START MATERIAL SUPPLIED

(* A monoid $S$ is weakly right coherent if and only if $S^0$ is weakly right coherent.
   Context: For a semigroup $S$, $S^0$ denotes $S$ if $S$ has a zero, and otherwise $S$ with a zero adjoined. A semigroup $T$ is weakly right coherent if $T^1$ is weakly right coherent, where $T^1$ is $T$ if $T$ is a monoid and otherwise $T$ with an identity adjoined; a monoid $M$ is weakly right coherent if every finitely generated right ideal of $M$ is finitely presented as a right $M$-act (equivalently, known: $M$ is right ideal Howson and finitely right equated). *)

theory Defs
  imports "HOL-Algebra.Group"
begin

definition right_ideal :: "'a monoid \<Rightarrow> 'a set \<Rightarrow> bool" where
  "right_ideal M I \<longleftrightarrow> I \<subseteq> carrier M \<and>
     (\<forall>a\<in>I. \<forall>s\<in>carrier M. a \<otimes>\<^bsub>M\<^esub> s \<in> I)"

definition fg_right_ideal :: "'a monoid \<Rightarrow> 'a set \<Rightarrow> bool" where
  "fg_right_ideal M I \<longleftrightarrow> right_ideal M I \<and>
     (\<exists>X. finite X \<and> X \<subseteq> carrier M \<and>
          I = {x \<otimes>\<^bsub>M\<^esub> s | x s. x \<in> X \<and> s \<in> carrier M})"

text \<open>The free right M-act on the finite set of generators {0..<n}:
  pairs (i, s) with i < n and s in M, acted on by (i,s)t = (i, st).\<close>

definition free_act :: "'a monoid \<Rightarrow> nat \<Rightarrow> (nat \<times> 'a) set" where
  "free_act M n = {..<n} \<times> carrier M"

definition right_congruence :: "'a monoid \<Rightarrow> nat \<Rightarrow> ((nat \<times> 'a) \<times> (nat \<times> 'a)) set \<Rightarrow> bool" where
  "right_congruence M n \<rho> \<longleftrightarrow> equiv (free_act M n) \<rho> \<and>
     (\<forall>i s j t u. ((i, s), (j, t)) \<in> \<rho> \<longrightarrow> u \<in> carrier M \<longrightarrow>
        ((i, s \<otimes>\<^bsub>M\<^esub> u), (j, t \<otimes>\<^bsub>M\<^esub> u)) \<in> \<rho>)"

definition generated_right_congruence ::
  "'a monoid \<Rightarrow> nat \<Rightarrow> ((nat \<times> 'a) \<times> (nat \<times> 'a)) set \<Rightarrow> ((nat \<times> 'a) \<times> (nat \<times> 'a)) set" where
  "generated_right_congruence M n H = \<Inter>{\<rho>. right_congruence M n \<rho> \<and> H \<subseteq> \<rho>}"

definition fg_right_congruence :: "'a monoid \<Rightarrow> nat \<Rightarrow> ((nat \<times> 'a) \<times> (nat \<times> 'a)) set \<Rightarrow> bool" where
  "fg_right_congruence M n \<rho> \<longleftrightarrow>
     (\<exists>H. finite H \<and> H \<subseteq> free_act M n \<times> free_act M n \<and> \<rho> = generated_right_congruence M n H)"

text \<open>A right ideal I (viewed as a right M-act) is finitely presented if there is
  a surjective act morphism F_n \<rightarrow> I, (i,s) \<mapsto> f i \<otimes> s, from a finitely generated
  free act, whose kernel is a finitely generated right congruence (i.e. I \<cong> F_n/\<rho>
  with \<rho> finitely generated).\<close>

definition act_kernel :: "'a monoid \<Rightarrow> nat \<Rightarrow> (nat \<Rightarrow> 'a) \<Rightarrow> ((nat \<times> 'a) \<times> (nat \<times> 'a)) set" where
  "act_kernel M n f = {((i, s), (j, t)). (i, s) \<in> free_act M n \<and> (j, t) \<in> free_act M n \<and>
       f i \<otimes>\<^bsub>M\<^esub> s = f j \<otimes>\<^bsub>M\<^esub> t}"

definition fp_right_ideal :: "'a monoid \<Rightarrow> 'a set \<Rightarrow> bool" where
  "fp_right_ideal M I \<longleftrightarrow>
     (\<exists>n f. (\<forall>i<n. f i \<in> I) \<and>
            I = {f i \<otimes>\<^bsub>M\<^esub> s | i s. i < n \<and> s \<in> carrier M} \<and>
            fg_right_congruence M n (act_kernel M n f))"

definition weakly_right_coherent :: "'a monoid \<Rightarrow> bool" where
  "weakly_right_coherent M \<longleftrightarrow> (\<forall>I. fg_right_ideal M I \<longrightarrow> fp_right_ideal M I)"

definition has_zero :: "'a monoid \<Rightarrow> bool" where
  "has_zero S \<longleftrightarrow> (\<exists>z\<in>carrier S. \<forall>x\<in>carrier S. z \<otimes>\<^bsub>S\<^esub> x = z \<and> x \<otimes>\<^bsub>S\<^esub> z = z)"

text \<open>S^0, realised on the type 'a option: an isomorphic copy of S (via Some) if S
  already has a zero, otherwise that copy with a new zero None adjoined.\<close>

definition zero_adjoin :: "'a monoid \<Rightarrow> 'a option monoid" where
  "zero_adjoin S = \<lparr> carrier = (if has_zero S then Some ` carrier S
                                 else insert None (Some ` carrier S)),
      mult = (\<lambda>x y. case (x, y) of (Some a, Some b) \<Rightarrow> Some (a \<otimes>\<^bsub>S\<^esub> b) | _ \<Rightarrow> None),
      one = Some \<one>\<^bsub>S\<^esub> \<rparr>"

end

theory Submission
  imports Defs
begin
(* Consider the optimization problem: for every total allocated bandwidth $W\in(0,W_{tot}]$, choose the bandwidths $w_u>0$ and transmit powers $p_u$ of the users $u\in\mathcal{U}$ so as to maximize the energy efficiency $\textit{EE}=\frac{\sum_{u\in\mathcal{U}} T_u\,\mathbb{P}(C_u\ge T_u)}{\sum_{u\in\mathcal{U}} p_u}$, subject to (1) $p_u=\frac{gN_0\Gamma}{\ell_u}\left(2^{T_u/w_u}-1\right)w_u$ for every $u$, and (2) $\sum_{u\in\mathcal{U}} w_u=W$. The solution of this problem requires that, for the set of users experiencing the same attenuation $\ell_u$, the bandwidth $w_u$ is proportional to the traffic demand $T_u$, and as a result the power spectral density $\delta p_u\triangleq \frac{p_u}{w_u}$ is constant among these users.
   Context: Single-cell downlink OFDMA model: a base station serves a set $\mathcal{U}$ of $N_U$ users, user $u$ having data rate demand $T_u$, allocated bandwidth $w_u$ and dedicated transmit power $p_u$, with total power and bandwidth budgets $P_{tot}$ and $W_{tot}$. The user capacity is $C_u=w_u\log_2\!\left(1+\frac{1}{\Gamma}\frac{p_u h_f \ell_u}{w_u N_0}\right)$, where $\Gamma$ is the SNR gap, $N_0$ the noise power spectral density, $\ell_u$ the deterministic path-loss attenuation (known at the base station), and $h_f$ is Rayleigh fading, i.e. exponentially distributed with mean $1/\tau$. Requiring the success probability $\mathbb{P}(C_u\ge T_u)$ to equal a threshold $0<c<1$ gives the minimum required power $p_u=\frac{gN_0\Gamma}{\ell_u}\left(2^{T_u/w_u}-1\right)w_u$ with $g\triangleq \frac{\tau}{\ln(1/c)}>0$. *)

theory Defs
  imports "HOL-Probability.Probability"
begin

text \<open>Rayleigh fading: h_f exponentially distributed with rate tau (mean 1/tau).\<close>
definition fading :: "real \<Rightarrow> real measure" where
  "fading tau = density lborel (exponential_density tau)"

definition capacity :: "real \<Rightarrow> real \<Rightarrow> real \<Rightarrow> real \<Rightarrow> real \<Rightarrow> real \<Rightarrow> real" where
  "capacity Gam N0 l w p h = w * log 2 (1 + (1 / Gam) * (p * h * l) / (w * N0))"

END MATERIAL SUPPLIED

*YOUR OBJECTIVE:* Write down again, exactly as given, only the lines above that fall from the line with "t) \<in> free_act M n \<and>" to the line with "text \<open>S^0, realised", inclusive.

*ANSWER BELOW:*
  "act_kernel M n f = {((i, s), (j, t)). (i, s) \<in> free_act M n \<and> (j, t) \<in> free_act M n \<and>
       f i \<otimes>\<^bsub>M\<^esub> s = f j \<otimes>\<^bsub>M\<^esub> t}"

definition fp_right_ideal :: "'a monoid \<Rightarrow> 'a set \<Rightarrow> bool" where
  "fp_right_ideal M I \<longleftrightarrow>
     (\<exists>n f. (\<forall>i<n. f i \<in> I) \<and>
            I = {f i \<otimes>\<^bsub>M\<^esub> s | i s. i < n \<and> s \<in> carrier M} \<and>
            fg_right_congruence M n (act_kernel M n f))"

definition weakly_right_coherent :: "'a monoid \<Rightarrow> bool" where
  "weakly_right_coherent M \<longleftrightarrow> (\<forall>I. fg_right_ideal M I \<longrightarrow> fp_right_ideal M I)"

definition has_zero :: "'a monoid \<Rightarrow> bool" where
  "has_zero S \<longleftrightarrow> (\<exists>z\<in>carrier S. \<forall>x\<in>carrier S. z \<otimes>\<^bsub>S\<^esub> x = z \<and> x \<otimes>\<^bsub>S\<^esub> z = z)"

text \<open>S^0, realised on the type 'a option: an isomorphic copy of S (via Some) if S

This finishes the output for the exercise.